# [WHAT TO DO]
Take each line below that has "tail" and copy it.

# [SOURCE RECORDS]
- Opening Delimiter -
(* Let a power network have node set $V$, initial active link set $\mathcal{E}^0$, link weights $w\in\mathbb{R}_{\ge0}^{\mathcal{E}^0}$, link capacities $c\in\mathbb{R}_{\ge0}^{\mathcal{E}^0}$, initial balanced supply-demand vector $p^0\in\mathcal{B}_{\mathcal{E}^0}$ and horizon $N\ge1$. Then for every $\epsilon>0$ there exists a feasible control sequence $\tilde u=(\tilde u^0,\dots,\tilde u^{N-1})\in\mathcal{D}(\mathcal{E}^0,p^0,N)$ such that $$\mathbb{J}_N(\mathcal{E}^0,\{p^0\})\ \ge\ s^\top\tilde u^{N-1}\ \ge\ \mathbb{J}_N(\mathcal{E}^0,\{p^0\})-\epsilon.$$
   Context: Network model. The network is a finite undirected multigraph with node set $V$ and link set $\mathcal{E}^0$ (arbitrary reference orientation of links). For $\mathcal{E}\subseteq\mathcal{E}^0$, let $A$ be the node–link incidence matrix of $(V,\mathcal{E})$, $W=\mathrm{diag}(w_i)_{i\in\mathcal{E}}$, $L(\mathcal{E})=AWA^\top$ with pseudo-inverse $L^\dagger(\mathcal{E})$. $\mathcal{B}_{\mathcal{E}}=\{u\in\mathbb{R}^V:\sum_{v\in V^{(i)}}u_v=0$ for every connected component $V^{(i)}$ of $(V,\mathcal{E})\}$. For $p\in\mathcal{B}_{\mathcal{E}}$, $f(\mathcal{E},p)=WA^\top L^\dagger(\mathcal{E})p$. $s\in\{1,0,-1\}^V$ equals $1$ on supply nodes, $-1$ on demand nodes, $0$ on other nodes. $\mathrm{sign}(x)=1$ if $x\ge0$, $-1$ otherwise; $\mathrm{cube}(p)=\{u\in\mathbb{R}^V:0\le\mathrm{sign}(p_v)u_v\le|p_v|\ \forall v\}$, $\mathrm{cube}(P)=\bigcup_{p\in P}\mathrm{cube}(p)$; $U(\mathcal{E},p)=\mathrm{cube}(p)\cap\mathcal{B}_{\mathcal{E}}$, $U(\mathcal{E},P)=\mathcal{B}_{\mathcal{E}}\cap\mathrm{cube}(P)$. $\mathcal{F}_{\mathcal{E}}(\mathcal{E},u)=\{i\in\mathcal{E}:|f_i(\mathcal{E},u)|\le c_i\}$. Feasible states: $\mathcal{S}=\{(\mathcal{E},p):p\in\mathcal{B}_{\mathcal{E}},|f_i(\mathcal{E},p)|\le c_i\ \forall i\in\mathcal{E}\}$. Controlled cascade: $\mathcal{E}^{t+1}=\mathcal{F}_{\mathcal{E}}(\mathcal{E}^t,u^t)$, $p^{t+1}=u^t$, $u^t\in U(\mathcal{E}^t,p^t)$. $\mathcal{D}(\mathcal{E}^0,p^0,N)$ is the set of sequences $(u^0,\dots,u^{N-1})$ with $u^t\in U(\mathcal{E}^t,p^t)$ for $t=0,\dots,N-1$ and $(\mathcal{E}^{N-1},u^{N-1})\in\mathcal{S}$, where $(\mathcal{E}^t,p^t)$ are generated by the cascade. Aggregation: for $\beta\in\{-1,0,1\}^{\mathcal{E}}$, $U(\mathcal{E},P,\beta)=\{u\in U(\mathcal{E},P): f_i(\mathcal{E},u)<-c_i$ if $\beta_i=-1$; $|f_i(\mathcal{E},u)|\le c_i$ if $\beta_i=0$; $f_i(\mathcal{E},u)>c_i$ if $\beta_i=1\}$; $\mathbb{U}(\mathcal{E},P)$ is the collection of nonempty $U(\mathcal{E},P,\beta)$. $\mathcal{F}_{\mathcal{E}}(\mathcal{E},U)=\{i\in\mathcal{E}:|f_i(\mathcal{E},u)|\le c_i\ \forall u\in U\}$. $\mathbb{J}_1(\mathcal{E},P)=\max\{s^\top u:u\in U(\mathcal{E},\mathrm{cl}\,P),\ |f_i(\mathcal{E},u)|\le c_i\ \forall i\in\mathcal{E}\}$ and $\mathbb{J}_{t+1}(\mathcal{E},P)=\max_{U\in\mathbb{U}(\mathcal{E},P)}\mathbb{J}_t(\mathcal{F}_{\mathcal{E}}(\mathcal{E},U),U)$ for $t\in\{1,\dots,N-1\}$. *)

theory Defs
  imports "HOL-Analysis.Analysis"
begin

text \<open>Vectors in R^V are functions
  'v => real (taken to vanish outside V where they represent elements of B_E).\<close>

record ('v, 'e) net =
  nodes  :: "'v set"
  tail   :: "'e \<Rightarrow> 'v"
  head   :: "'e \<Rightarrow> 'v"
  weight :: "'e \<Rightarrow> real"
  cap    :: "'e \<Rightarrow> real"

definition inc :: "('v, 'e) net \<Rightarrow> 'v \<Rightarrow> 'e \<Rightarrow> real" where
  "inc G v i = (if v = tail G i then 1 else 0) - (if v = head G i then 1 else 0)"

definition lap :: "('v, 'e) net \<Rightarrow> 'e set \<Rightarrow> 'v \<Rightarrow> 'v \<Rightarrow> real" where
  "lap G E u v = (\<Sum>i\<in>E. inc G u i * weight G i * inc G v i)"

definition mmul :: "'v set \<Rightarrow> ('v \<Rightarrow> 'v \<Rightarrow> real) \<Rightarrow> ('v \<Rightarrow> 'v \<Rightarrow> real) \<Rightarrow> 'v \<Rightarrow> 'v \<Rightarrow> real" where
  "mmul V X Y = (\<lambda>u v. \<Sum>k\<in>V. X u k * Y k v)"

definition is_pinv :: "'v set \<Rightarrow> ('v \<Rightarrow> 'v \<Rightarrow> real) \<Rightarrow> ('v \<Rightarrow> 'v \<Rightarrow> real) \<Rightarrow> bool" where
  "is_pinv V L X \<longleftrightarrow>
     (\<forall>u v. u \<notin> V \<or> v \<notin> V \<longrightarrow> X u v = 0) \<and>
     (\<forall>u\<in>V. \<forall>v\<in>V.
        mmul V (mmul V L X) L u v = L u v \<and>
        mmul V (mmul V X L) X u v = X u v \<and>
        mmul V L X u v = mmul V L X v u \<and>
        mmul V X L u v = mmul V X L v u)"

definition pinv :: "'v set \<Rightarrow> ('v \<Rightarrow> 'v \<Rightarrow> real) \<Rightarrow> 'v \<Rightarrow> 'v \<Rightarrow> real" where
  "pinv V L = (THE X. is_pinv V L X)"

definition flow :: "('v, 'e) net \<Rightarrow> 'e set \<Rightarrow> ('v \<Rightarrow> real) \<Rightarrow> 'e \<Rightarrow> real" where
  "flow G E p i = weight G i *
     (\<Sum>v\<in>nodes G. inc G v i * (\<Sum>x\<in>nodes G. pinv (nodes G) (lap G E) v x * p x))"

definition adj :: "('v, 'e) net \<Rightarrow> 'e set \<Rightarrow> ('v \<times> 'v) set" where
  "adj G E = {(tail G i, head G i) | i. i \<in> E} \<union> {(head G i, tail G i) | i. i \<in> E}"

definition comp :: "('v, 'e) net \<Rightarrow> 'e set \<Rightarrow> 'v \<Rightarrow> 'v set" where
  "comp G E v = {x \<in> nodes G. (v, x) \<in> (adj G E)\<^sup>*}"

definition balanced :: "('v, 'e) net \<Rightarrow> 'e set \<Rightarrow> ('v \<Rightarrow> real) set" where
  "balanced G E = {u. (\<forall>x. x \<notin> nodes G \<longrightarrow> u x = 0) \<and>
                       (\<forall>v\<in>nodes G. (\<Sum>x\<in>comp G E v. u x) = 0)}"

definition sgn' :: "real \<Rightarrow> real" where
  "sgn' x = (if x \<ge> 0 then 1 else -1)"

definition cube :: "('v, 'e) net \<Rightarrow> ('v \<Rightarrow> real) \<Rightarrow> ('v \<Rightarrow> real) set" where
  "cube G p = {u. \<forall>v\<in>nodes G. 0 \<le> sgn' (p v) * u v \<and> sgn' (p v) * u v \<le> \<bar>p v\<bar>}"

definition cubeS :: "('v, 'e) net \<Rightarrow> ('v \<Rightarrow> real) set \<Rightarrow> ('v \<Rightarrow> real) set" where
  "cubeS G P = (\<Union>p\<in>P. cube G p)"

definition Uctl :: "('v, 'e) net \<Rightarrow> 'e set \<Rightarrow> ('v \<Rightarrow> real) \<Rightarrow> ('v \<Rightarrow> real) set" where
  "Uctl G E p = cube G p \<inter> balanced G E"

definition UctlS :: "('v, 'e) net \<Rightarrow> 'e set \<Rightarrow> ('v \<Rightarrow> real) set \<Rightarrow> ('v \<Rightarrow> real) set" where
  "UctlS G E P = balanced G E \<inter> cubeS G P"

definition FE :: "('v, 'e) net \<Rightarrow> 'e set \<Rightarrow> ('v \<Rightarrow> real) \<Rightarrow> 'e set" where
  "FE G E u = {i \<in> E. \<bar>flow G E u i\<bar> \<le> cap G i}"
- Closing Delimiter -
# [ANSWER TO THE EXERCISE]
  tail   :: "'e \<Rightarrow> 'v"
  "inc G v i = (if v = tail G i then 1 else 0) - (if v = head G i then 1 else 0)"
  "adj G E = {(tail G i, head G i) | i. i \<in> E} \<union> {(head G i, tail G i) | i. i \<in> E}"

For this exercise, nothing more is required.